Nothing in the data may be altered; the answer is a verbatim copy of it.
Records for processing START
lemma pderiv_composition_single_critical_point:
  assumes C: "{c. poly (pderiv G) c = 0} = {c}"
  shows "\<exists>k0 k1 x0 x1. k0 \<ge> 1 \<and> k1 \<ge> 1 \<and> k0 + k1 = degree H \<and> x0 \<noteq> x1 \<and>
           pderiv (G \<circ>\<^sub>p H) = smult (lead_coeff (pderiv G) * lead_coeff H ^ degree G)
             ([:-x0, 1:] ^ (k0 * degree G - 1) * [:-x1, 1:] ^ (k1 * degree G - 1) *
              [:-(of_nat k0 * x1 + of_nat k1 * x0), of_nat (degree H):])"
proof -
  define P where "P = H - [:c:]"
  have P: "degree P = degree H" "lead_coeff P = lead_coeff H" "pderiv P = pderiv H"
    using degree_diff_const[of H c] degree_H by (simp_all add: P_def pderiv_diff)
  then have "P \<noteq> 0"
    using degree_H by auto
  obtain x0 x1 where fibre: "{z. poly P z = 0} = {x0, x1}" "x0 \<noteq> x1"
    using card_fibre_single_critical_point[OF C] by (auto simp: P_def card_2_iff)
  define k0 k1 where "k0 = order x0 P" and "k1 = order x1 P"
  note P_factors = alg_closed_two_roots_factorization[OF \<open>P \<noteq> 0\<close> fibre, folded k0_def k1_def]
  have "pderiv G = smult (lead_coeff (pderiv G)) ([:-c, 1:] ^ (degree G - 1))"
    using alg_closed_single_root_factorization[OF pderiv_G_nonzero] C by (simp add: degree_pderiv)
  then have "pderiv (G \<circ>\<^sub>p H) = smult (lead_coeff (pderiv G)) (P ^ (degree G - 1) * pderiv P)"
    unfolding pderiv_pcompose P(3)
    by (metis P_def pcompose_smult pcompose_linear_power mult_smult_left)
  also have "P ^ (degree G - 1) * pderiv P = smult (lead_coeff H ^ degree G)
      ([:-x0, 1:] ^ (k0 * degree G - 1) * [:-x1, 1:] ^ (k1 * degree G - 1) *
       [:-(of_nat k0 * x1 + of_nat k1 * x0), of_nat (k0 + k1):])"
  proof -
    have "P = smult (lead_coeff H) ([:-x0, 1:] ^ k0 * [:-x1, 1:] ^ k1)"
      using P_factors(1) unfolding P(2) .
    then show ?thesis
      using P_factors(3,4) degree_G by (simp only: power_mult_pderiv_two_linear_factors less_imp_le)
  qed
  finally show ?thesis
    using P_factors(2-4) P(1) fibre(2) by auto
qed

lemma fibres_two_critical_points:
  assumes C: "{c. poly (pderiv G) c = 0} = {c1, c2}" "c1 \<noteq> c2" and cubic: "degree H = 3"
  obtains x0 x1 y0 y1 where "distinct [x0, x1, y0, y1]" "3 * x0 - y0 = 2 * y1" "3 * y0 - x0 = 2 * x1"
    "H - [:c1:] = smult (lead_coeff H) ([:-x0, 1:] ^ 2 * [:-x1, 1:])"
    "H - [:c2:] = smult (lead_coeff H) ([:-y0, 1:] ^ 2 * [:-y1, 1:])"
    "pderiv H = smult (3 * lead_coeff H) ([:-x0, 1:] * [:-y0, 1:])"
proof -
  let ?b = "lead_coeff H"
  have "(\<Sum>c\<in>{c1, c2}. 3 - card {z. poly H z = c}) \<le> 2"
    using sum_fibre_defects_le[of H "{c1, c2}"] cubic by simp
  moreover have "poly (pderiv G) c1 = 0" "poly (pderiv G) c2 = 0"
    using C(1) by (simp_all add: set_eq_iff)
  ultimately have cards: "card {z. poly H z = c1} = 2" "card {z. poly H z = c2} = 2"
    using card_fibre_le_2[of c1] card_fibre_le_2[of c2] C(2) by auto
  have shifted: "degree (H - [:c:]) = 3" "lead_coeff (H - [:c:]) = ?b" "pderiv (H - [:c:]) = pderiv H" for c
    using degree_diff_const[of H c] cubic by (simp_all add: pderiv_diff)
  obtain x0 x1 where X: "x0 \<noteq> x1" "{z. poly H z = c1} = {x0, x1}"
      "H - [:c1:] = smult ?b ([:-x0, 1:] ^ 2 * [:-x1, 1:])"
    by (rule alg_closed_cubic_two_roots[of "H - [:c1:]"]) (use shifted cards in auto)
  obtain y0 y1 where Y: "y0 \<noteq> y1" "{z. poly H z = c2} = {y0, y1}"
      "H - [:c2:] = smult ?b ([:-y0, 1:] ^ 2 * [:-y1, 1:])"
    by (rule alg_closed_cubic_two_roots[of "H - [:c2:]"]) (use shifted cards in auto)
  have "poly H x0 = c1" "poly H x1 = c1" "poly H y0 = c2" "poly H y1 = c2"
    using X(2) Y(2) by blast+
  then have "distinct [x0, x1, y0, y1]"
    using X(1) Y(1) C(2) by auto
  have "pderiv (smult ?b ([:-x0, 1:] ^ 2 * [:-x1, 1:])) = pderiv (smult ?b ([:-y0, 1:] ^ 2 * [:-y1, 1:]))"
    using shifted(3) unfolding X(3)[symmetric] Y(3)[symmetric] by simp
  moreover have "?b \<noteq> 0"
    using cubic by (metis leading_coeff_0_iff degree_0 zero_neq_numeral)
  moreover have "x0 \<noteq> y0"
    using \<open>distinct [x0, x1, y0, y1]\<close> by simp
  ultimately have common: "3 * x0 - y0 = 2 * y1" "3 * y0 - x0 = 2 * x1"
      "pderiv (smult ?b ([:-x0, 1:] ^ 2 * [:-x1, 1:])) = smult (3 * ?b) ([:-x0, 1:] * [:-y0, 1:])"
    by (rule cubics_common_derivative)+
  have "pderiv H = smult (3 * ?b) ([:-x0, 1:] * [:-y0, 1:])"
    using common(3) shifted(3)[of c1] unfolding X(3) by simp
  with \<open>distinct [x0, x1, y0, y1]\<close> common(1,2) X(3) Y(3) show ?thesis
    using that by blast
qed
Records for processing END
■ **Result for this exercise**:
lemma pderiv_composition_single_critical_point:
  assumes C: "{c. poly (pderiv G) c = 0} = {c}"
  shows "\<exists>k0 k1 x0 x1. k0 \<ge> 1 \<and> k1 \<ge> 1 \<and> k0 + k1 = degree H \<and> x0 \<noteq> x1 \<and>
           pderiv (G \<circ>\<^sub>p H) = smult (lead_coeff (pderiv G) * lead_coeff H ^ degree G)
             ([:-x0, 1:] ^ (k0 * degree G - 1) * [:-x1, 1:] ^ (k1 * degree G - 1) *
              [:-(of_nat k0 * x1 + of_nat k1 * x0), of_nat (degree H):])"
proof -
  define P where "P = H - [:c:]"
  have P: "degree P = degree H" "lead_coeff P = lead_coeff H" "pderiv P = pderiv H"
    using degree_diff_const[of H c] degree_H by (simp_all add: P_def pderiv_diff)
  then have "P \<noteq> 0"
    using degree_H by auto
  obtain x0 x1 where fibre: "{z. poly P z = 0} = {x0, x1}" "x0 \<noteq> x1"
    using card_fibre_single_critical_point[OF C] by (auto simp: P_def card_2_iff)
  define k0 k1 where "k0 = order x0 P" and "k1 = order x1 P"
  note P_factors = alg_closed_two_roots_factorization[OF \<open>P \<noteq> 0\<close> fibre, folded k0_def k1_def]
  have "pderiv G = smult (lead_coeff (pderiv G)) ([:-c, 1:] ^ (degree G - 1))"
    using alg_closed_single_root_factorization[OF pderiv_G_nonzero] C by (simp add: degree_pderiv)
  then have "pderiv (G \<circ>\<^sub>p H) = smult (lead_coeff (pderiv G)) (P ^ (degree G - 1) * pderiv P)"
    unfolding pderiv_pcompose P(3)
    by (metis P_def pcompose_smult pcompose_linear_power mult_smult_left)
  also have "P ^ (degree G - 1) * pderiv P = smult (lead_coeff H ^ degree G)
      ([:-x0, 1:] ^ (k0 * degree G - 1) * [:-x1, 1:] ^ (k1 * degree G - 1) *
       [:-(of_nat k0 * x1 + of_nat k1 * x0), of_nat (k0 + k1):])"
  proof -
    have "P = smult (lead_coeff H) ([:-x0, 1:] ^ k0 * [:-x1, 1:] ^ k1)"
      using P_factors(1) unfolding P(2) .
    then show ?thesis
      using P_factors(3,4) degree_G by (simp only: power_mult_pderiv_two_linear_factors less_imp_le)
  qed
  finally show ?thesis
    using P_factors(2-4) P(1) fibre(2) by auto
qed

lemma fibres_two_critical_points:
  assumes C: "{c. poly (pderiv G) c = 0} = {c1, c2}" "c1 \<noteq> c2" and cubic: "degree H = 3"
  obtains x0 x1 y0 y1 where "distinct [x0, x1, y0, y1]" "3 * x0 - y0 = 2 * y1" "3 * y0 - x0 = 2 * x1"
    "H - [:c1:] = smult (lead_coeff H) ([:-x0, 1:] ^ 2 * [:-x1, 1:])"
    "H - [:c2:] = smult (lead_coeff H) ([:-y0, 1:] ^ 2 * [:-y1, 1:])"
    "pderiv H = smult (3 * lead_coeff H) ([:-x0, 1:] * [:-y0, 1:])"
proof -
  let ?b = "lead_coeff H"
  have "(\<Sum>c\<in>{c1, c2}. 3 - card {z. poly H z = c}) \<le> 2"
    using sum_fibre_defects_le[of H "{c1, c2}"] cubic by simp
  moreover have "poly (pderiv G) c1 = 0" "poly (pderiv G) c2 = 0"
    using C(1) by (simp_all add: set_eq_iff)
  ultimately have cards: "card {z. poly H z = c1} = 2" "card {z. poly H z = c2} = 2"
    using card_fibre_le_2[of c1] card_fibre_le_2[of c2] C(2) by auto
  have shifted: "degree (H - [:c:]) = 3" "lead_coeff (H - [:c:]) = ?b" "pderiv (H - [:c:]) = pderiv H" for c
    using degree_diff_const[of H c] cubic by (simp_all add: pderiv_diff)
  obtain x0 x1 where X: "x0 \<noteq> x1" "{z. poly H z = c1} = {x0, x1}"
      "H - [:c1:] = smult ?b ([:-x0, 1:] ^ 2 * [:-x1, 1:])"
    by (rule alg_closed_cubic_two_roots[of "H - [:c1:]"]) (use shifted cards in auto)
  obtain y0 y1 where Y: "y0 \<noteq> y1" "{z. poly H z = c2} = {y0, y1}"
      "H - [:c2:] = smult ?b ([:-y0, 1:] ^ 2 * [:-y1, 1:])"
    by (rule alg_closed_cubic_two_roots[of "H - [:c2:]"]) (use shifted cards in auto)
  have "poly H x0 = c1" "poly H x1 = c1" "poly H y0 = c2" "poly H y1 = c2"
    using X(2) Y(2) by blast+
  then have "distinct [x0, x1, y0, y1]"
    using X(1) Y(1) C(2) by auto
  have "pderiv (smult ?b ([:-x0, 1:] ^ 2 * [:-x1, 1:])) = pderiv (smult ?b ([:-y0, 1:] ^ 2 * [:-y1, 1:]))"
    using shifted(3) unfolding X(3)[symmetric] Y(3)[symmetric] by simp
  moreover have "?b \<noteq> 0"
    using cubic by (metis leading_coeff_0_iff degree_0 zero_neq_numeral)
  moreover have "x0 \<noteq> y0"
    using \<open>distinct [x0, x1, y0, y1]\<close> by simp
  ultimately have common: "3 * x0 - y0 = 2 * y1" "3 * y0 - x0 = 2 * x1"
      "pderiv (smult ?b ([:-x0, 1:] ^ 2 * [:-x1, 1:])) = smult (3 * ?b) ([:-x0, 1:] * [:-y0, 1:])"
    by (rule cubics_common_derivative)+
  have "pderiv H = smult (3 * ?b) ([:-x0, 1:] * [:-y0, 1:])"
    using common(3) shifted(3)[of c1] unfolding X(3) by simp
  with \<open>distinct [x0, x1, y0, y1]\<close> common(1,2) X(3) Y(3) show ?thesis
    using that by blast
qed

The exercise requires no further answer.